A little history may help understanding:
  1. "MIME" stands for "Multipurpose Internet Mail Extensions". It was originally used by mail clients to determine which program to run to display a non-text mail component, (hence /etc/mailcap and ~/.mailcap as the configuration files).
  2. It was adopted by Web browsers when, strictly speaking it is called "MIME Types" (hence /etc/mime.types and ~/.mime.types as the configuration files).
  3. Now it is used by desktops, especially file managers, not only to choose the program but also to choose the icon (hence /usr/share/mime/, /usr/local/share/mime/ and ~/.local/share/mime/ as the configuration file directories, configurable by XDG_* envars).
Thus we find ourselves in the midst of emerging standards. The structure of the desktop configuration files-and-directories is a lot more complex than the mail and browser configuration files. Being as how Firefox is nice enough to be able to use the desktop configuration files, I would have liked to use them so the desktop and file manager would ues the same MIME configuration data as Firefox but I was not able to make it work.

I'm using Xfce so did not investigate the KDE specifics.

Regards ~/.mozilla/firefox/<your-profile>/mimeTypes.rdf, it does seem to be where Firefox stores its own configuration after taking data from the "helpers.[(private)|(global)]_[(mailcap)|(mime_types)]_file"s as shown in about:config and after interacting with the user.

Thus the easiest way to get Firefox's Applications list set up would be to copy mimeTypes.rdf from a previously set up installation.
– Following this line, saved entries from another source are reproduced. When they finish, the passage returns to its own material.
lemma uniform_limit_iff_inverse_Suc:
  fixes fs :: "nat \<Rightarrow> 'a \<Rightarrow> real"
  shows "uniform_limit S fs f sequentially \<longleftrightarrow>
    (\<forall>m. \<forall>\<^sub>F k in sequentially. \<forall>x\<in>S. \<bar>fs k x - f x\<bar> \<le> 1 / real (Suc m))"
proof
  assume lim: "uniform_limit S fs f sequentially"
  show "\<forall>m. \<forall>\<^sub>F k in sequentially. \<forall>x\<in>S. \<bar>fs k x - f x\<bar> \<le> 1 / real (Suc m)"
  proof
    fix m
    have "\<forall>\<^sub>F k in sequentially. \<forall>x\<in>S. dist (fs k x) (f x) < 1 / real (Suc m)"
      by (rule uniform_limitD[OF lim]) simp
    then show "\<forall>\<^sub>F k in sequentially. \<forall>x\<in>S. \<bar>fs k x - f x\<bar> \<le> 1 / real (Suc m)"
      by (rule eventually_mono) (simp add: dist_real_def less_imp_le)
  qed
next
  assume bound: "\<forall>m. \<forall>\<^sub>F k in sequentially. \<forall>x\<in>S. \<bar>fs k x - f x\<bar> \<le> 1 / real (Suc m)"
  show "uniform_limit S fs f sequentially"
  proof (rule uniform_limitI)
    fix e :: real
    assume "0 < e"
    then obtain m where "1 / real (Suc m) < e"
      by (rule nat_approx_posE)
    moreover have "\<forall>\<^sub>F k in sequentially. \<forall>x\<in>S. \<bar>fs k x - f x\<bar> \<le> 1 / real (Suc m)"
      using bound by blast
    ultimately show "\<forall>\<^sub>F k in sequentially. \<forall>x\<in>S. dist (fs k x) (f x) < e"
      by (auto simp: dist_real_def elim!: eventually_mono)
  qed
qed

lemma uniformly_Cauchy_on_iff_inverse_Suc:
  fixes fs :: "nat \<Rightarrow> 'a \<Rightarrow> real"
  shows "uniformly_Cauchy_on S fs \<longleftrightarrow>
    (\<forall>m. \<exists>M. \<forall>k\<ge>M. \<forall>j\<ge>M. \<forall>x\<in>S. \<bar>fs k x - fs j x\<bar> \<le> 1 / real (Suc m))"
proof
  assume Cauchy: "uniformly_Cauchy_on S fs"
  show "\<forall>m. \<exists>M. \<forall>k\<ge>M. \<forall>j\<ge>M. \<forall>x\<in>S. \<bar>fs k x - fs j x\<bar> \<le> 1 / real (Suc m)"
  proof
    fix m
    have "(0::real) < 1 / real (Suc m)"
      by simp
    then obtain M where "\<forall>x\<in>S. \<forall>k\<ge>M. \<forall>j\<ge>M. dist (fs k x) (fs j x) < 1 / real (Suc m)"
      using Cauchy unfolding uniformly_Cauchy_on_def by blast
    then show "\<exists>M. \<forall>k\<ge>M. \<forall>j\<ge>M. \<forall>x\<in>S. \<bar>fs k x - fs j x\<bar> \<le> 1 / real (Suc m)"
      unfolding dist_real_def by (meson less_imp_le)
  qed
next
  assume bound: "\<forall>m. \<exists>M. \<forall>k\<ge>M. \<forall>j\<ge>M. \<forall>x\<in>S. \<bar>fs k x - fs j x\<bar> \<le> 1 / real (Suc m)"
  show "uniformly_Cauchy_on S fs"
  proof (rule uniformly_Cauchy_onI)
    fix e :: real
    assume "0 < e"
    then obtain m where "1 / real (Suc m) < e"
      by (rule nat_approx_posE)
    moreover obtain M where "\<forall>k\<ge>M. \<forall>j\<ge>M. \<forall>x\<in>S. \<bar>fs k x - fs j x\<bar> \<le> 1 / real (Suc m)"
      using bound by blast
    ultimately show "\<exists>M. \<forall>x\<in>S. \<forall>k\<ge>M. \<forall>j\<ge>M. dist (fs k x) (fs j x) < e"
      unfolding dist_real_def by (meson order_le_less_trans)
  qed
qed
lemma catpres_equiv_apply_path:
  assumes "valid_catpres C" "valid_catpres C'" "catpres_premorph C C' Fs Ff" "catpres_premorph C C' Gs Gf"
    and "catpres_equiv C C' Fs Ff Gs Gf" "is_path C p"
  shows "pclass C' (apply_path Fs Ff p) = pclass C' (apply_path Gs Gf p)"
proof -
  have "path_interp C (sem C') Fs (\<lambda>f. pclass C' (Ff f)) p =
        path_interp C (sem C') Gs (\<lambda>f. pclass C' (Gf f)) p"
  proof (rule path_interp_cong[OF assms(1,6)])
    fix f assume f: "f \<in> Funs C"
    have "is_path C' (Ff f)" using f assms(3) by (simp add: catpres_premorph_def)
    moreover have "peq C' (Ff f) (Gf f)" using f assms(5) by (simp add: catpres_equiv_def)
    ultimately show "pclass C' (Ff f) = pclass C' (Gf f)" using pclass_eq_iff by blast
  qed (use assms(5) in \<open>simp add: catpres_equiv_def\<close>)
  then show ?thesis
    unfolding path_interp_sem[OF assms(1,2,3,6)] path_interp_sem[OF assms(1,2,4,6)] .
qed

lemma functor_pclass_apply_path:
  assumes "valid_catpres C" "valid_catpres C'" "catpres_premorph C C' Fs Ff"
    and "is_functor (sem C) (sem C') G" "\<And>c. c \<in> Sorts C \<Longrightarrow> fst G c = Fs c"
    and "\<And>f. f \<in> Funs C \<Longrightarrow> snd G (pclass C (fsrc C f, [f])) = pclass C' (Ff f)"
    and "is_path C p"
  shows "snd G (pclass C p) = pclass C' (apply_path Fs Ff p)"
proof -
  have "snd G (pclass C p) = path_interp C (sem C') (fst G) (\<lambda>f. snd G (pclass C (fsrc C f, [f]))) p"
    by (rule functor_pclass_path_interp[OF assms(1,4,7)])
  also have "\<dots> = path_interp C (sem C') Fs (\<lambda>f. pclass C' (Ff f)) p"
    by (rule path_interp_cong[OF assms(1,7)]) (simp_all add: assms(5,6))
  also have "\<dots> = pclass C' (apply_path Fs Ff p)"
    by (rule path_interp_sem[OF assms(1-3,7)])
  finally show ?thesis .
qed

lemma catpres_morph_if_functor:
  assumes "valid_catpres C" "valid_catpres C'" "catpres_premorph C C' Fs Ff"
    and "is_functor (sem C) (sem C') G" "\<And>c. c \<in> Sorts C \<Longrightarrow> fst G c = Fs c"
    and "\<And>f. f \<in> Funs C \<Longrightarrow> snd G (pclass C (fsrc C f, [f])) = pclass C' (Ff f)"
  shows "catpres_morph C C' Fs Ff"
proof -
  have "peq C' (apply_path Fs Ff p) (apply_path Fs Ff q)" if "(p, q) \<in> Eqs C" for p q
  proof -
    have pq: "peq C p q" using that by (rule peq_ax)
    then have p: "is_path C p" "is_path C q" using peq_parallel_paths[OF assms(1)] by simp_all
    then have "pclass C p = pclass C q" using pclass_eq_iff pq by blast
    then have "pclass C' (apply_path Fs Ff p) = pclass C' (apply_path Fs Ff q)"
      using functor_pclass_apply_path[OF assms p(1)] functor_pclass_apply_path[OF assms p(2)] by simp
    then show ?thesis using premorph_apply_path[OF assms(1,3) p(1)] pclass_eq_iff by blast
  qed
  then show ?thesis using assms(3) by (auto simp: catpres_morph_def catpres_premorph_def)
qed

lemma tot_simps:
  "Sorts (tot C D P) = Inl ` Sorts C \<union> Inr ` Sorts D"
  "fsrc (tot C D P) (Inl f) = Inl (fsrc C f)"
  "fsrc (tot C D P) (Inr (Inl x)) = Inl (usrc P x)"
  "fsrc (tot C D P) (Inr (Inr g)) = Inr (fsrc D g)"
  "ftgt (tot C D P) (Inl f) = Inl (ftgt C f)"
  "ftgt (tot C D P) (Inr (Inl x)) = Inr (utgt P x)"
  "ftgt (tot C D P) (Inr (Inr g)) = Inr (ftgt D g)"
  "Inl f \<in> Funs (tot C D P) \<longleftrightarrow> f \<in> Funs C"
  "Inr (Inl x) \<in> Funs (tot C D P) \<longleftrightarrow> x \<in> UFuns P"
  "Inr (Inr g) \<in> Funs (tot C D P) \<longleftrightarrow> g \<in> Funs D"
  "Inl c \<in> Sorts (tot C D P) \<longleftrightarrow> c \<in> Sorts C"
  "Inr d \<in> Sorts (tot C D P) \<longleftrightarrow> d \<in> Sorts D"
  by (auto simp: tot_def)

lemma tot_Eqs:
  "Eqs (tot C D P) =
     (\<lambda>(p, q). (embC p, embC q)) ` Eqs C \<union> UEqs P \<union> (\<lambda>(p, q). (embD p, embD q)) ` Eqs D"
  by (simp add: tot_def)

lemma tot_Funs_cases:
  assumes "f \<in> Funs (tot C D P)"
  obtains (C) a where "f = Inl a" "a \<in> Funs C"
    | (P) x where "f = Inr (Inl x)" "x \<in> UFuns P"
    | (D) g where "f = Inr (Inr g)" "g \<in> Funs D"
  using assms by (auto simp: tot_def)

lemma is_chain_tot_Inl:
  "is_chain (fsrc (tot C D P)) (ftgt (tot C D P)) (Funs (tot C D P)) (Inl c) (map Inl fs)
   \<longleftrightarrow> is_chain (fsrc C) (ftgt C) (Funs C) c fs"
  by (induction fs arbitrary: c) (auto simp: tot_simps)

lemma is_chain_tot_Inr:
  "is_chain (fsrc (tot C D P)) (ftgt (tot C D P)) (Funs (tot C D P)) (Inr c) (map (\<lambda>g. Inr (Inr g)) fs)
   \<longleftrightarrow> is_chain (fsrc D) (ftgt D) (Funs D) c fs"
  by (induction fs arbitrary: c) (auto simp: tot_simps)

lemma embC_simps:
  "is_path (tot C D P) (embC p) \<longleftrightarrow> is_path C p"
  "path_end (tot C D P) (embC p) = Inl (path_end C p)"
  "fst (embC p) = Inl (fst p)"
  "embC (pcomp p q) = pcomp (embC p) (embC q)"
  by (auto simp: embC_def is_path_def is_chain_tot_Inl tot_simps path_end_def last_map pcomp_def)

lemma embD_simps:
  "is_path (tot C D P) (embD p) \<longleftrightarrow> is_path D p"
  "path_end (tot C D P) (embD p) = Inr (path_end D p)"
  "fst (embD p) = Inr (fst p)"
  "embD (pcomp p q) = pcomp (embD p) (embD q)"
  by (auto simp: embD_def is_path_def is_chain_tot_Inr tot_simps path_end_def last_map pcomp_def)

lemma map_projl_embC [simp]: "map projl (snd (embC r)) = snd r"
  by (simp add: embC_def comp_def)

lemma map_projr_embD [simp]: "map (\<lambda>g. projr (projr g)) (snd (embD r)) = snd r"
  by (simp add: embD_def comp_def)

lemma valid_tot:
  assumes "valid_catpres C" "valid_catpres D" "valid_unc C D P"
  shows "valid_catpres (tot C D P)"
proof -
  have "fsrc (tot C D P) f \<in> Sorts (tot C D P) \<and> ftgt (tot C D P) f \<in> Sorts (tot C D P)"
    if "f \<in> Funs (tot C D P)" for f
    using that assms by (cases rule: tot_Funs_cases) (auto simp: tot_simps valid_catpres_def valid_unc_def)
  moreover have "is_path (tot C D P) p \<and> is_path (tot C D P) q \<and> parallel (tot C D P) p q"
    if "(p, q) \<in> Eqs (tot C D P)" for p q
    using that assms unfolding tot_Eqs
    by (auto simp: valid_catpres_def valid_unc_def embC_simps embD_simps parallel_def cross_path_def)
  ultimately show ?thesis by (auto simp: valid_catpres_def)
qed

lemma is_chain_tot_end_Inl:
  "is_chain (fsrc (tot C D P)) (ftgt (tot C D P)) (Funs (tot C D P)) c fs \<Longrightarrow>
   isl (if fs = [] then c else ftgt (tot C D P) (last fs)) \<Longrightarrow>
   isl c \<and> (\<exists>gs. fs = map Inl gs \<and> is_chain (fsrc C) (ftgt C) (Funs C) (projl c) gs)"
proof (induction fs arbitrary: c)
  case (Cons f fs)
  then have f: "f \<in> Funs (tot C D P)" "fsrc (tot C D P) f = c" by auto
  have IH: "isl (ftgt (tot C D P) f) \<and>
      (\<exists>gs. fs = map Inl gs \<and> is_chain (fsrc C) (ftgt C) (Funs C) (projl (ftgt (tot C D P) f)) gs)"
    using Cons.IH[of "ftgt (tot C D P) f"] Cons.prems by (auto split: if_splits)
  from f(1) show ?case
  proof (cases rule: tot_Funs_cases)
    case (C a)
    then obtain gs where "fs = map Inl gs \<and> is_chain (fsrc C) (ftgt C) (Funs C) (ftgt C a) gs"
      using IH by (auto simp: tot_simps)
    then show ?thesis using C f by (auto simp: tot_simps intro!: exI[of _ "a # gs"])
  qed (use IH in \<open>auto simp: tot_simps\<close>)
qed simp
Curiosity and a desire not to carry old baggage forward stopped me from doing so.

On as-installed Slackware 13, /usr/share/mime/types lists many applications but does not associate any programs with them. It does not include application/x-bittorrent.

I set helpers.private_mime_types_file to ~/.local/share/mime/types and created the referenced file containing
Code:
application/x-bittorrent; /opt/vuze/vuze '%s'; description="BitTorrent client"; test=test -n "$DISPLAY"
Even after restarting Firefox it neither had an extra entry in Edit->Preferences->Applications nor knew about /opt/vuze/vuze when I opened a torrent file.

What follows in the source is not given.